(RECORDS SUPPLIED Opens)

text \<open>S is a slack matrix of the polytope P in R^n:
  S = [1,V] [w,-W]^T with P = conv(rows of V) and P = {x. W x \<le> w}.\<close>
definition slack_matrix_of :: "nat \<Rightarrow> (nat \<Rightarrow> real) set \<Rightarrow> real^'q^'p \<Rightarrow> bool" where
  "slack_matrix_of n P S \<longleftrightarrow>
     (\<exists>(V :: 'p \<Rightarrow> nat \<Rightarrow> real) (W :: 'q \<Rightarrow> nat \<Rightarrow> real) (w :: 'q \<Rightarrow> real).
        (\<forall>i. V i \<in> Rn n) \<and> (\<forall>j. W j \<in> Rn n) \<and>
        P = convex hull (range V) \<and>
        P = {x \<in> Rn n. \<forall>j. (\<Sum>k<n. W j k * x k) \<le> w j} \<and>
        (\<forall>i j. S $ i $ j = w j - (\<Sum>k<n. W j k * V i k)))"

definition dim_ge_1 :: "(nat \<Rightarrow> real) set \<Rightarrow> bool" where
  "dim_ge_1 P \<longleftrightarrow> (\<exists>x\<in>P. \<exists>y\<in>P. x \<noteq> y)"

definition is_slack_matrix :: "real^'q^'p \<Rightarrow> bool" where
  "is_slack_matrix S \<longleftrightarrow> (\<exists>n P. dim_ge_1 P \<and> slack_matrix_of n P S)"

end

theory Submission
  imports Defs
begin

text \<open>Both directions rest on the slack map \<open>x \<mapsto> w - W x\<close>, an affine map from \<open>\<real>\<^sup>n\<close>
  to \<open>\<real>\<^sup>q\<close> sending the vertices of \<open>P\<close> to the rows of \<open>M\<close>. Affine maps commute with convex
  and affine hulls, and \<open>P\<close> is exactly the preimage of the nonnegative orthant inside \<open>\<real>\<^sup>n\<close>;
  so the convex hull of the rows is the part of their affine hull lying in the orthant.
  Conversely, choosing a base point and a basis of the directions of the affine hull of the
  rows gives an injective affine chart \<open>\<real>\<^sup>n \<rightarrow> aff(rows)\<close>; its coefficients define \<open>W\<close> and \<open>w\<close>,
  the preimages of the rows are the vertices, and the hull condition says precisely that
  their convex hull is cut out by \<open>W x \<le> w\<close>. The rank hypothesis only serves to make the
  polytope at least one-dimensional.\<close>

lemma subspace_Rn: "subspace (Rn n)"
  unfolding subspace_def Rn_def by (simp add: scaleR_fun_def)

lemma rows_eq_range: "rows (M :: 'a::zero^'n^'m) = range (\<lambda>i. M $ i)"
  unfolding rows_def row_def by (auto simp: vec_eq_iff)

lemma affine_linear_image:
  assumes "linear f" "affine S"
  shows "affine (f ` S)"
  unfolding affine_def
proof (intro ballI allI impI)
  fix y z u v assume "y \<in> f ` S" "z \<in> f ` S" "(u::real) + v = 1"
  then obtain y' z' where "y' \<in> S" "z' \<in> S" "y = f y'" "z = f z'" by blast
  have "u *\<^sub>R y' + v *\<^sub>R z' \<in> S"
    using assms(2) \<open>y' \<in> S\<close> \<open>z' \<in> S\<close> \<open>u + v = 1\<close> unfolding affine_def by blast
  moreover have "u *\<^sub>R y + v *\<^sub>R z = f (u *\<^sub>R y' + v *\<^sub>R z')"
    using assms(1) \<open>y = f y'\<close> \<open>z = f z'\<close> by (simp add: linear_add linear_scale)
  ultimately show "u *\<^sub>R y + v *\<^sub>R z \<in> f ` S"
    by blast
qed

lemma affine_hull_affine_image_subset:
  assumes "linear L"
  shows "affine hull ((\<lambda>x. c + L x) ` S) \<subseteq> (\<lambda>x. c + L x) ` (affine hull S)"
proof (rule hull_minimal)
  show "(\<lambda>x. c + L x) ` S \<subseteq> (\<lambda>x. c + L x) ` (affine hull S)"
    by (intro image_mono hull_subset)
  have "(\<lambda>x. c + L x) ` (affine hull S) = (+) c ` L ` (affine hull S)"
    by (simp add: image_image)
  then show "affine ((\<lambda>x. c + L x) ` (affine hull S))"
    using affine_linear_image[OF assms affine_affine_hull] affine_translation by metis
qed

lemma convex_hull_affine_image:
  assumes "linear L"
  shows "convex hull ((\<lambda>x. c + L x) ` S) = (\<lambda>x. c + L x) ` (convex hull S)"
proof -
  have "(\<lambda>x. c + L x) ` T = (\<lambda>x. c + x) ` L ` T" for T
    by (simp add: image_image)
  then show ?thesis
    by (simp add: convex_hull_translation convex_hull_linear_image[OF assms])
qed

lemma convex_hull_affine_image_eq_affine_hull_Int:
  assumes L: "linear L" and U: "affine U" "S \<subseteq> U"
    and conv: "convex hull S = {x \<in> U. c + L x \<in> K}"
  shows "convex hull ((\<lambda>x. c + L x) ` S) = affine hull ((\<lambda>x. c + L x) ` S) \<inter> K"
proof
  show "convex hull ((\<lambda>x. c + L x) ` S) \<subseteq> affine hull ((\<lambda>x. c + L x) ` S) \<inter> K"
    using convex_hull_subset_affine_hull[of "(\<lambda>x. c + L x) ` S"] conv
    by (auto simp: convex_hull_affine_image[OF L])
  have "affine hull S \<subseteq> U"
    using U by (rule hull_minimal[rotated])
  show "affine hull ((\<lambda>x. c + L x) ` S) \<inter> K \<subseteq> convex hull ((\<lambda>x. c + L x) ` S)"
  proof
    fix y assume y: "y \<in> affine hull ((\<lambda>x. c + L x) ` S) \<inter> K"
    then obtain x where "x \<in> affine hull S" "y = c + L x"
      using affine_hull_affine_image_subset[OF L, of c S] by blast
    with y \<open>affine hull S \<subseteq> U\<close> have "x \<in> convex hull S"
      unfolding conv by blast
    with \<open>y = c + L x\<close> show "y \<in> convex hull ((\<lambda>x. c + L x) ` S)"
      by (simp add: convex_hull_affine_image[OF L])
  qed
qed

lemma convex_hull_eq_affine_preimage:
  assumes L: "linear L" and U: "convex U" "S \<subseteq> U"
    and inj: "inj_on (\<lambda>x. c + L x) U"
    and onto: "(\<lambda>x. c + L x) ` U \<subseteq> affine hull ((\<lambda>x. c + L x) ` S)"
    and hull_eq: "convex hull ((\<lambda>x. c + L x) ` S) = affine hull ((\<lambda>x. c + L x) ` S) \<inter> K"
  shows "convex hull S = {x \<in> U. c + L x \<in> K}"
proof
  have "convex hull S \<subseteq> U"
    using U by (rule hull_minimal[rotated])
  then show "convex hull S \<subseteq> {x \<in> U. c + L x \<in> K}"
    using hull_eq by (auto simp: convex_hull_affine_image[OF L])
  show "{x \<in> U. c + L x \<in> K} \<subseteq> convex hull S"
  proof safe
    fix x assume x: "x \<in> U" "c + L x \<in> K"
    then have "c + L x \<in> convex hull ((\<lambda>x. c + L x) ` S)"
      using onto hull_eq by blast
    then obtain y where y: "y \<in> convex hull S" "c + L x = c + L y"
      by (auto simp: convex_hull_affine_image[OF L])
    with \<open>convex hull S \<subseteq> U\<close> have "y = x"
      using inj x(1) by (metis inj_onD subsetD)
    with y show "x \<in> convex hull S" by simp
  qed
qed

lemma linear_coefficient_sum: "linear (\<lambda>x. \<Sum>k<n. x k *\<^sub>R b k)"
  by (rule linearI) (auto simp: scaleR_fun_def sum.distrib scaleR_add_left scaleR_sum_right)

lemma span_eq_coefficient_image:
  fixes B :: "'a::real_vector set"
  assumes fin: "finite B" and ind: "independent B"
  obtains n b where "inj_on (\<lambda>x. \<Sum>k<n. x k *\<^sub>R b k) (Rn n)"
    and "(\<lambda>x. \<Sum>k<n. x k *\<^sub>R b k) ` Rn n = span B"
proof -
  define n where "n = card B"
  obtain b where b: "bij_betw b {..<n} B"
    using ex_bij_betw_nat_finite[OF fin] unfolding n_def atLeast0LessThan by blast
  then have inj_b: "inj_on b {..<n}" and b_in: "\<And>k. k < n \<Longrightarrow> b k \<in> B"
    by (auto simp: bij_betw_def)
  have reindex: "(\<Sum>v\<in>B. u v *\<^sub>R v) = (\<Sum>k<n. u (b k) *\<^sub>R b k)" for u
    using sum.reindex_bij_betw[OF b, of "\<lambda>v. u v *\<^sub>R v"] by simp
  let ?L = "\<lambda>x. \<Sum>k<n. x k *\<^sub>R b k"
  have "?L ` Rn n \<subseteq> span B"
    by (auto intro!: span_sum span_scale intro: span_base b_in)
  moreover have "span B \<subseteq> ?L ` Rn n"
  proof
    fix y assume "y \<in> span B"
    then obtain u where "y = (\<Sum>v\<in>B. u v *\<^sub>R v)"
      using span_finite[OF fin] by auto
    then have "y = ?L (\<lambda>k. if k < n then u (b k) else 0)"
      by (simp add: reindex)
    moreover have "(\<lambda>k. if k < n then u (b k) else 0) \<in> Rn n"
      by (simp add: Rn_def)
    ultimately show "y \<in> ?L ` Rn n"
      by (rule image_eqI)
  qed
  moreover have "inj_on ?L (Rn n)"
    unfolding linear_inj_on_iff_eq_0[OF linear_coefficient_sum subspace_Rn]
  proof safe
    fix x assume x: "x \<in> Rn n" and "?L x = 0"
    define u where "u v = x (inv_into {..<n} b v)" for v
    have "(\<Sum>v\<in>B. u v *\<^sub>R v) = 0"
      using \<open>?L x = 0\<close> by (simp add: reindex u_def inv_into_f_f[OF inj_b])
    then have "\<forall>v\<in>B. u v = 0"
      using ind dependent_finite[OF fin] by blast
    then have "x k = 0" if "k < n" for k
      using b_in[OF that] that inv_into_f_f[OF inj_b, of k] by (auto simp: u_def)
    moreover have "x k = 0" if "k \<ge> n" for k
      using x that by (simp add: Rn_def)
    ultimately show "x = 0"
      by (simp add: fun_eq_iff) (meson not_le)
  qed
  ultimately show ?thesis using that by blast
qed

(RECORDS SUPPLIED Closes)

**PROBLEM DESCRIPTION:** Could you copy every line from the records that mentions the word "onto"?

**SOLUTION TO THIS PROBLEM:**
    and onto: "(\<lambda>x. c + L x) ` U \<subseteq> affine hull ((\<lambda>x. c + L x) ` S)"
      using onto hull_eq by blast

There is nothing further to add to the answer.